= Beginning of Section =

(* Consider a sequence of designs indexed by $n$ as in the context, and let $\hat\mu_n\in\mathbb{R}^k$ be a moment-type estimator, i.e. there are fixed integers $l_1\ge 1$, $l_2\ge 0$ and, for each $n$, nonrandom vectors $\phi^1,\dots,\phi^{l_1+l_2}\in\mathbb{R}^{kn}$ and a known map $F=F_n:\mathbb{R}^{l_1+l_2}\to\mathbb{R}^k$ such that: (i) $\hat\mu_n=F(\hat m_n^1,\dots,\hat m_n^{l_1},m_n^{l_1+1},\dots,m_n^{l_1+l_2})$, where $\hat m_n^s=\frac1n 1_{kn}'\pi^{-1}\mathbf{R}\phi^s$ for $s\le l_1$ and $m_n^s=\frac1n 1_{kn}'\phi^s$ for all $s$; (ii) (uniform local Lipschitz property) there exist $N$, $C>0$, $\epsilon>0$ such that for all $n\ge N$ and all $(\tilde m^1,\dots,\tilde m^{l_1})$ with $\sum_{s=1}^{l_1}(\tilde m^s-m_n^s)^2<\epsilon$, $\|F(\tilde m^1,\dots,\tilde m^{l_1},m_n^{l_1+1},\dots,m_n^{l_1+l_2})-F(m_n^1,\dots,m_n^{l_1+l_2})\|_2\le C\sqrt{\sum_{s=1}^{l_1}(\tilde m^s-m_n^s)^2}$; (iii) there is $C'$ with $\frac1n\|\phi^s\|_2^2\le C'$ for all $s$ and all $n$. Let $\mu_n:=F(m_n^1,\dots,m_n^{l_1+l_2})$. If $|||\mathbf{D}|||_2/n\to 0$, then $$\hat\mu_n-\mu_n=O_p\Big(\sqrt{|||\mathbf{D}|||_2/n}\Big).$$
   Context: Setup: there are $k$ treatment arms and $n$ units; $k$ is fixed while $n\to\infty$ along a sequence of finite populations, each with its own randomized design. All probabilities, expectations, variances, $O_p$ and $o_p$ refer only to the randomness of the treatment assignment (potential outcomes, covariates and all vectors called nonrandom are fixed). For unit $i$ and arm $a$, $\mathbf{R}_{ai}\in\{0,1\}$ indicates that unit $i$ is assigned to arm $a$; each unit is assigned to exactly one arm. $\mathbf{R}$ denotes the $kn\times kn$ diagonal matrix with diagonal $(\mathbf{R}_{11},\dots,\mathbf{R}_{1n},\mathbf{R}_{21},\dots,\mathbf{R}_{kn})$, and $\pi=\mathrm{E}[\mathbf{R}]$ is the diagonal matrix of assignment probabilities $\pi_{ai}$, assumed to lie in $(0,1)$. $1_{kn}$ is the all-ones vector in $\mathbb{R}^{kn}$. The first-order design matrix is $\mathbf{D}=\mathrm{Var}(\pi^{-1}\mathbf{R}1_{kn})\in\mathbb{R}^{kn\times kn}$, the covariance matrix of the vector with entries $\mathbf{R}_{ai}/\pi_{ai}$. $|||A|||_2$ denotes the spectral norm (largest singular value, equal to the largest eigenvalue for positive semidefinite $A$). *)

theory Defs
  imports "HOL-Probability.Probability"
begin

= End of Section =
= Beginning of Section =

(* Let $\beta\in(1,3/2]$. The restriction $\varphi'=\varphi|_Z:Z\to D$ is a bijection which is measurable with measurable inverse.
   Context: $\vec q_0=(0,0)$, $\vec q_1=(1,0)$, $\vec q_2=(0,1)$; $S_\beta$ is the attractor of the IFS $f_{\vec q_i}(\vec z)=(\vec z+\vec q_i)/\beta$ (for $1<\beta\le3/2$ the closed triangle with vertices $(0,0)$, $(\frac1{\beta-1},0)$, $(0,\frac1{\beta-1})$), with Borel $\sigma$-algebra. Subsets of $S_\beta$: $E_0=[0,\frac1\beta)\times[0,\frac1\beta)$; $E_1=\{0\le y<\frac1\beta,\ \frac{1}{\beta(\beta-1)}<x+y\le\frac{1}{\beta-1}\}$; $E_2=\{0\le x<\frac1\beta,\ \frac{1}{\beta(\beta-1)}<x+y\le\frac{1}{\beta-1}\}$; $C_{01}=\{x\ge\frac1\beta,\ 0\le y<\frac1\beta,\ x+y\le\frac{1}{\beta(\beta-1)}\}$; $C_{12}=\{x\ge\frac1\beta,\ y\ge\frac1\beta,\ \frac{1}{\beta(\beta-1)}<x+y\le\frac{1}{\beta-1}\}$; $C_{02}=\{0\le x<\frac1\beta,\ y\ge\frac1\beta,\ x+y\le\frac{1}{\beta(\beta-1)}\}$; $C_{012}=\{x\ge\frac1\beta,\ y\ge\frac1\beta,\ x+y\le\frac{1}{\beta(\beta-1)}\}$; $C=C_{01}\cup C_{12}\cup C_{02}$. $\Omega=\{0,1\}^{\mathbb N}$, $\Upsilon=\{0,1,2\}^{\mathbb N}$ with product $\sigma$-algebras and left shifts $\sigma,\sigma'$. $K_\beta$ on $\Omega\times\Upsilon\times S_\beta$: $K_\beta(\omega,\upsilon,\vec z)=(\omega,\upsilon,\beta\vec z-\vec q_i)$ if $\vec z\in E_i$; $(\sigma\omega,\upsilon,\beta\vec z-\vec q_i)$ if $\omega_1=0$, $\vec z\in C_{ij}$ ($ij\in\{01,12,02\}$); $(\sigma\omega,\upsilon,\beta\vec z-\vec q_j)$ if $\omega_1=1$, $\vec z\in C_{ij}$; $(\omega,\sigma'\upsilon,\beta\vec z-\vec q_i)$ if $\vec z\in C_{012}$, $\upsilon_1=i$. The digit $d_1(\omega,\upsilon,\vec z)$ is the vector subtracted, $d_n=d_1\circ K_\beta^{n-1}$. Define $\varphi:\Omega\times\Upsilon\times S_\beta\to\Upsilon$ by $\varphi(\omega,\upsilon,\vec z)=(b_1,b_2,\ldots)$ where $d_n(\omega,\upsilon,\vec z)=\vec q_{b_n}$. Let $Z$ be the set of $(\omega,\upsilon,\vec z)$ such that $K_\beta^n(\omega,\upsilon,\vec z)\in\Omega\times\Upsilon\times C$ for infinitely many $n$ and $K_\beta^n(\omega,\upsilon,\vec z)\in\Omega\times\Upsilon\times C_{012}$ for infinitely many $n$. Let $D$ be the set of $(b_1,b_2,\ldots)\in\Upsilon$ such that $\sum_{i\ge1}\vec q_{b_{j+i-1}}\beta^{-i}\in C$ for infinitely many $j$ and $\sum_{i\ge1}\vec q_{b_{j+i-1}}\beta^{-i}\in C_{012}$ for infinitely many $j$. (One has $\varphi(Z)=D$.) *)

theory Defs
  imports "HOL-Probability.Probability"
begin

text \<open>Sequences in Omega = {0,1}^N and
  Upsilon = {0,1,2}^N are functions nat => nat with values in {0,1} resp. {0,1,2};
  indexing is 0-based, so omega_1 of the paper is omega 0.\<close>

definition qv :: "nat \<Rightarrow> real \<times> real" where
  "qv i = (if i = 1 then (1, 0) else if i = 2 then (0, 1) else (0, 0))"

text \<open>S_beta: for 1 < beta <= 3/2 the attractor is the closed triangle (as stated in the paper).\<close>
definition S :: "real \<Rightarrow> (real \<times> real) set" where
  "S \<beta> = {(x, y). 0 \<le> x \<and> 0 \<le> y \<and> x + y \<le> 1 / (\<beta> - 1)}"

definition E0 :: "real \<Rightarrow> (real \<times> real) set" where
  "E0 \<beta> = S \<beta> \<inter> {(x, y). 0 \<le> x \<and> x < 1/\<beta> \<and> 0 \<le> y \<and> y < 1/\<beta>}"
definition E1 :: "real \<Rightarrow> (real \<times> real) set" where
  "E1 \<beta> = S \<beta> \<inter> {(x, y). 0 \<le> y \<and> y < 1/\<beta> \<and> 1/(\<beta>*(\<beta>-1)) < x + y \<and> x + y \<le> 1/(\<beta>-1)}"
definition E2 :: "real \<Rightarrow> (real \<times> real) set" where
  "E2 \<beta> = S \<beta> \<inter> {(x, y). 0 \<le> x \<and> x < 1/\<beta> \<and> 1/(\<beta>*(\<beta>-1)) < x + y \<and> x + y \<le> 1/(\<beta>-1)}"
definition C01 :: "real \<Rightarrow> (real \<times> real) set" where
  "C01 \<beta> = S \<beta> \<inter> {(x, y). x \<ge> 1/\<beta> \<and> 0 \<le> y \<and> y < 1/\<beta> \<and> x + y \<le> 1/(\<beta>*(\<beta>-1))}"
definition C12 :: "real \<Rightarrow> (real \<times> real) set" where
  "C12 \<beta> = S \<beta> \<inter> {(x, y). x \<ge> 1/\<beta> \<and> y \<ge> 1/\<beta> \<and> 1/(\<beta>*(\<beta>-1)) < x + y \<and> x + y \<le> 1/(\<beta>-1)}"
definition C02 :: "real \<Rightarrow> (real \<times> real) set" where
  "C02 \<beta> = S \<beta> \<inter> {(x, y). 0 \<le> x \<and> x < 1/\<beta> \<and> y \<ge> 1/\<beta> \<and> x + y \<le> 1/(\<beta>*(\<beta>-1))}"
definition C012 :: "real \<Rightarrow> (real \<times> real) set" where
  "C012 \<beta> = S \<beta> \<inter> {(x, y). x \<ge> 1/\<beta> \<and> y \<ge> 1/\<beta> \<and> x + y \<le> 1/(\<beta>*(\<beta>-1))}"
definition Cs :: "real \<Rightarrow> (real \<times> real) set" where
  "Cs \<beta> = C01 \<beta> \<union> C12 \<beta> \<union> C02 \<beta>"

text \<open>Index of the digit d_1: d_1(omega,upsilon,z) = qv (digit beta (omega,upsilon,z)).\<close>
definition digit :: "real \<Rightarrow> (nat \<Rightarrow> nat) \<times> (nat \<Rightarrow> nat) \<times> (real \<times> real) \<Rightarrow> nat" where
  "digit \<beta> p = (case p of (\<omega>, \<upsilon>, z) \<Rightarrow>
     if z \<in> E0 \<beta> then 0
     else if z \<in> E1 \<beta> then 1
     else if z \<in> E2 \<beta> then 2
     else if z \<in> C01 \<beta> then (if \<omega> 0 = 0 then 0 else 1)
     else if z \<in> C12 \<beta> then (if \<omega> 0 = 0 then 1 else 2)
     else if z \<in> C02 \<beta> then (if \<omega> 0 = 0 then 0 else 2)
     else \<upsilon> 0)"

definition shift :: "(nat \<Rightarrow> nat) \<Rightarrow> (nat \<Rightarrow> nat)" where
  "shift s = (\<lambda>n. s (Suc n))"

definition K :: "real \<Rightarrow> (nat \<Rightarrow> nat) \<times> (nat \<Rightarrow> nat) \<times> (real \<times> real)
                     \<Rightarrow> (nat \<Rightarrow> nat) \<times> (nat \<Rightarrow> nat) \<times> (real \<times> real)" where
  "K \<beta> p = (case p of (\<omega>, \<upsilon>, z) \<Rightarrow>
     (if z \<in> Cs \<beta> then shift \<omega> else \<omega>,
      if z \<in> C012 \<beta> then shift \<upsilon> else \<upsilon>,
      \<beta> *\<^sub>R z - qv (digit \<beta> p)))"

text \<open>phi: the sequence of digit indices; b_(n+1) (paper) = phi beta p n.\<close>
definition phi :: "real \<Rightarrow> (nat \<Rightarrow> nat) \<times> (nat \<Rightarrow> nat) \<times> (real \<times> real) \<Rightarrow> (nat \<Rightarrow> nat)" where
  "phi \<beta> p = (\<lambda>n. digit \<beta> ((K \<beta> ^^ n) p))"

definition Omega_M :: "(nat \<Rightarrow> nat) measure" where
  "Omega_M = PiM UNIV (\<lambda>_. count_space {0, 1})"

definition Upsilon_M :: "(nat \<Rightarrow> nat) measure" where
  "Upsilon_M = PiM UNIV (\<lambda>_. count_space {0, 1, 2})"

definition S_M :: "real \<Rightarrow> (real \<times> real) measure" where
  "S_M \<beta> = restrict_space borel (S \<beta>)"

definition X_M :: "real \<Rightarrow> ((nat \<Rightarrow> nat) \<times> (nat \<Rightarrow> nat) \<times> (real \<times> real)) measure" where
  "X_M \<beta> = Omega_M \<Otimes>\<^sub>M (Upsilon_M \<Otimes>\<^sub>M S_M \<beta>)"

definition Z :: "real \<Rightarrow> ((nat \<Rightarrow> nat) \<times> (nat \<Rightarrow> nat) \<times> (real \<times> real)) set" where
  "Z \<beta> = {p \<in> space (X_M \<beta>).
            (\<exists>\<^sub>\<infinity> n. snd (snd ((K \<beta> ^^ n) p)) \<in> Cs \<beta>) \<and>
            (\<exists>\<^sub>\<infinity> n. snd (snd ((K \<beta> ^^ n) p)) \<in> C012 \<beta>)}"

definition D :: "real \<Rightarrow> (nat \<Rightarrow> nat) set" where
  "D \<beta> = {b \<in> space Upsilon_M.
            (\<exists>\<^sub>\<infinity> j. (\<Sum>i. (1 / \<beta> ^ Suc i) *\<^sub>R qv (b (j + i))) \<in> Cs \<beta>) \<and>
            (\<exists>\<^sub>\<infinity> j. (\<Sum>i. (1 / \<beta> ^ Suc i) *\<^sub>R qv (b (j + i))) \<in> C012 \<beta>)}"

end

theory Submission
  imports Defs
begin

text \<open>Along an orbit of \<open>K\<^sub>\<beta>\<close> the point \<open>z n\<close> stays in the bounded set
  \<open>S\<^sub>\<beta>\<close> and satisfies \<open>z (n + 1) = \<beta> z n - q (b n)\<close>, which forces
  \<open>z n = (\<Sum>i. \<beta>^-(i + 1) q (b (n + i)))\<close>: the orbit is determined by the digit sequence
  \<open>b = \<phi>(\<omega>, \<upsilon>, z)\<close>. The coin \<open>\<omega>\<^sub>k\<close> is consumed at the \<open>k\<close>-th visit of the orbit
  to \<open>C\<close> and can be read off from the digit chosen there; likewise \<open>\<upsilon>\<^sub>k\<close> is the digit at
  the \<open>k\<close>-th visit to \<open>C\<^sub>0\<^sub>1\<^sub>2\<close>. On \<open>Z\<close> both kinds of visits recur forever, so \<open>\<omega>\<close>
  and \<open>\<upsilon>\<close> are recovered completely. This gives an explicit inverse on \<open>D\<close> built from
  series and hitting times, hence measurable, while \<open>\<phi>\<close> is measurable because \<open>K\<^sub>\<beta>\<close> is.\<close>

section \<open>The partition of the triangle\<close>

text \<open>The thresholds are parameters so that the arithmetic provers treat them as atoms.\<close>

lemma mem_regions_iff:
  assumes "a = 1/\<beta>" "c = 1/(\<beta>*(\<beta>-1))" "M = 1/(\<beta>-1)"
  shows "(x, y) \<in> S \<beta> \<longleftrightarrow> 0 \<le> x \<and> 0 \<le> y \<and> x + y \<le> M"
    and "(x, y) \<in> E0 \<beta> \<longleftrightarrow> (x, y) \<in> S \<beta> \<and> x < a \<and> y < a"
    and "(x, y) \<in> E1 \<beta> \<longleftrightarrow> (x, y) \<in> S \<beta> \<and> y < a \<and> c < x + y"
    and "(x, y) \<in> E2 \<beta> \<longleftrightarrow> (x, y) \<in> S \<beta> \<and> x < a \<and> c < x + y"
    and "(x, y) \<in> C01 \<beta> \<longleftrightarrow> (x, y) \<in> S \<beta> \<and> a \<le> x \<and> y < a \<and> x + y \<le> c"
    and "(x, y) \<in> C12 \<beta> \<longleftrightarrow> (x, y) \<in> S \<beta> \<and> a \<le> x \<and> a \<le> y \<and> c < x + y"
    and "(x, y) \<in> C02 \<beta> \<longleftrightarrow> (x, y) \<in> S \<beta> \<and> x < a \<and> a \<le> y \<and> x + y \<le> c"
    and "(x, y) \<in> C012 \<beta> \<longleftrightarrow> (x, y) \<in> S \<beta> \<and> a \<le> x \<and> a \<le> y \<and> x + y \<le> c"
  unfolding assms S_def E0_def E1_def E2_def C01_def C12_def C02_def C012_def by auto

= End of Section =

■ **Directions for this task**: All lines above that contain "infinity" are required in the answer.

■ **Reply**:
            (\<exists>\<^sub>\<infinity> n. snd (snd ((K \<beta> ^^ n) p)) \<in> Cs \<beta>) \<and>
            (\<exists>\<^sub>\<infinity> n. snd (snd ((K \<beta> ^^ n) p)) \<in> C012 \<beta>)}"
            (\<exists>\<^sub>\<infinity> j. (\<Sum>i. (1 / \<beta> ^ Suc i) *\<^sub>R qv (b (j + i))) \<in> Cs \<beta>) \<and>
            (\<exists>\<^sub>\<infinity> j. (\<Sum>i. (1 / \<beta> ^ Suc i) *\<^sub>R qv (b (j + i))) \<in> C012 \<beta>)}"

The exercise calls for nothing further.